**Try it:** Locate the line that contains "continuous, 2 pi-periodic, mean", then copy it and all later lines of the data below exactly, through the last one.

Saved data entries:

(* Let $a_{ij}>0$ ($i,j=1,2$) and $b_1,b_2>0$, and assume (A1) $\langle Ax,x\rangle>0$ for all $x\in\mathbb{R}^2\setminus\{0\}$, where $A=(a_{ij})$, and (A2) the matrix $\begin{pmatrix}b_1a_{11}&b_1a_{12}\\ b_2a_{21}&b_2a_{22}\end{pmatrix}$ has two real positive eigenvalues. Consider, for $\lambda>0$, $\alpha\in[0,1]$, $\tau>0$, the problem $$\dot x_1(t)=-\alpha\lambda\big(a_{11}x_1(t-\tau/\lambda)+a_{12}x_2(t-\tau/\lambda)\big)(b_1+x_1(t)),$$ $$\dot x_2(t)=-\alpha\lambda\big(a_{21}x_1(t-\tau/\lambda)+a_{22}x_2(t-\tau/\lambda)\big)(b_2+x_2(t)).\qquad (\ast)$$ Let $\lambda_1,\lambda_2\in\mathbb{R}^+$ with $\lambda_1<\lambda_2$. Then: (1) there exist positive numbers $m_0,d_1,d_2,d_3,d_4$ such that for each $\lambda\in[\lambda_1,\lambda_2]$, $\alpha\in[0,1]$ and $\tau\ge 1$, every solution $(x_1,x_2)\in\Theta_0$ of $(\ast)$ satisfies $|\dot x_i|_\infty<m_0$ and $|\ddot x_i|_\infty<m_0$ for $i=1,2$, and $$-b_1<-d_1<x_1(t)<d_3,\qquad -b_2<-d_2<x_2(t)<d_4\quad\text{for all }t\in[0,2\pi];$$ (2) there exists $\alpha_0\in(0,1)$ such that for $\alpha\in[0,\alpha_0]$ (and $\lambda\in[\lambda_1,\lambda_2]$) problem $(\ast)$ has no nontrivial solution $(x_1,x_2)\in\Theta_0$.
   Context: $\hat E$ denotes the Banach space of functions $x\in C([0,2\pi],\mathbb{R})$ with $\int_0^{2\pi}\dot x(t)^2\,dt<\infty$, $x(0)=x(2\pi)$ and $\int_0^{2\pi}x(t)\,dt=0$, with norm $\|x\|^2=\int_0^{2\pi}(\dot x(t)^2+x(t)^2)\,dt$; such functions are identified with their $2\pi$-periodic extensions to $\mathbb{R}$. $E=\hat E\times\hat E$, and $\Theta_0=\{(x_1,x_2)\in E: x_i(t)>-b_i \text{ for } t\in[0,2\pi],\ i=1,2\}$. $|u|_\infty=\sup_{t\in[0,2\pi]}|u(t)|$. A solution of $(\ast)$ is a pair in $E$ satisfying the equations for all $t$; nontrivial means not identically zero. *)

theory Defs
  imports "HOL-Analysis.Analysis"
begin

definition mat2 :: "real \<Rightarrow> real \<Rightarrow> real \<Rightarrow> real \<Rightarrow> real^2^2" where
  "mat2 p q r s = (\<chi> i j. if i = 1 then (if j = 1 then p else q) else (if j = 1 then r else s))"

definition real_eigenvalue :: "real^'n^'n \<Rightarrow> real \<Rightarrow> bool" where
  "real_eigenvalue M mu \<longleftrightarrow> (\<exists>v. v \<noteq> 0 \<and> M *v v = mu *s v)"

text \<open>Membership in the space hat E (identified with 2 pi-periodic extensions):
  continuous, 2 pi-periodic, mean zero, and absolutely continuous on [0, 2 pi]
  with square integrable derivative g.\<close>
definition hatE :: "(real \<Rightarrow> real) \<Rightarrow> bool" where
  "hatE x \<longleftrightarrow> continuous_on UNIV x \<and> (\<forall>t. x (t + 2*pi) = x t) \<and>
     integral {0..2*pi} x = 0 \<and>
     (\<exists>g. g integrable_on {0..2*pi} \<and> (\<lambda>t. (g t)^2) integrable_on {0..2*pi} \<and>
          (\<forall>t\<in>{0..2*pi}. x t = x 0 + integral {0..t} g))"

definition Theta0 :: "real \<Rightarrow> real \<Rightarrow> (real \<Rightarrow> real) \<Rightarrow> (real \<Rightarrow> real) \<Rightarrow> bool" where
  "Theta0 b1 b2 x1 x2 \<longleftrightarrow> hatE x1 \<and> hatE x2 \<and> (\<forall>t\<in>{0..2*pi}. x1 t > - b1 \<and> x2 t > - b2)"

**Answer to this task:**
  continuous, 2 pi-periodic, mean zero, and absolutely continuous on [0, 2 pi]
  with square integrable derivative g.\<close>
definition hatE :: "(real \<Rightarrow> real) \<Rightarrow> bool" where
  "hatE x \<longleftrightarrow> continuous_on UNIV x \<and> (\<forall>t. x (t + 2*pi) = x t) \<and>
     integral {0..2*pi} x = 0 \<and>
     (\<exists>g. g integrable_on {0..2*pi} \<and> (\<lambda>t. (g t)^2) integrable_on {0..2*pi} \<and>
          (\<forall>t\<in>{0..2*pi}. x t = x 0 + integral {0..t} g))"

definition Theta0 :: "real \<Rightarrow> real \<Rightarrow> (real \<Rightarrow> real) \<Rightarrow> (real \<Rightarrow> real) \<Rightarrow> bool" where
  "Theta0 b1 b2 x1 x2 \<longleftrightarrow> hatE x1 \<and> hatE x2 \<and> (\<forall>t\<in>{0..2*pi}. x1 t > - b1 \<and> x2 t > - b2)"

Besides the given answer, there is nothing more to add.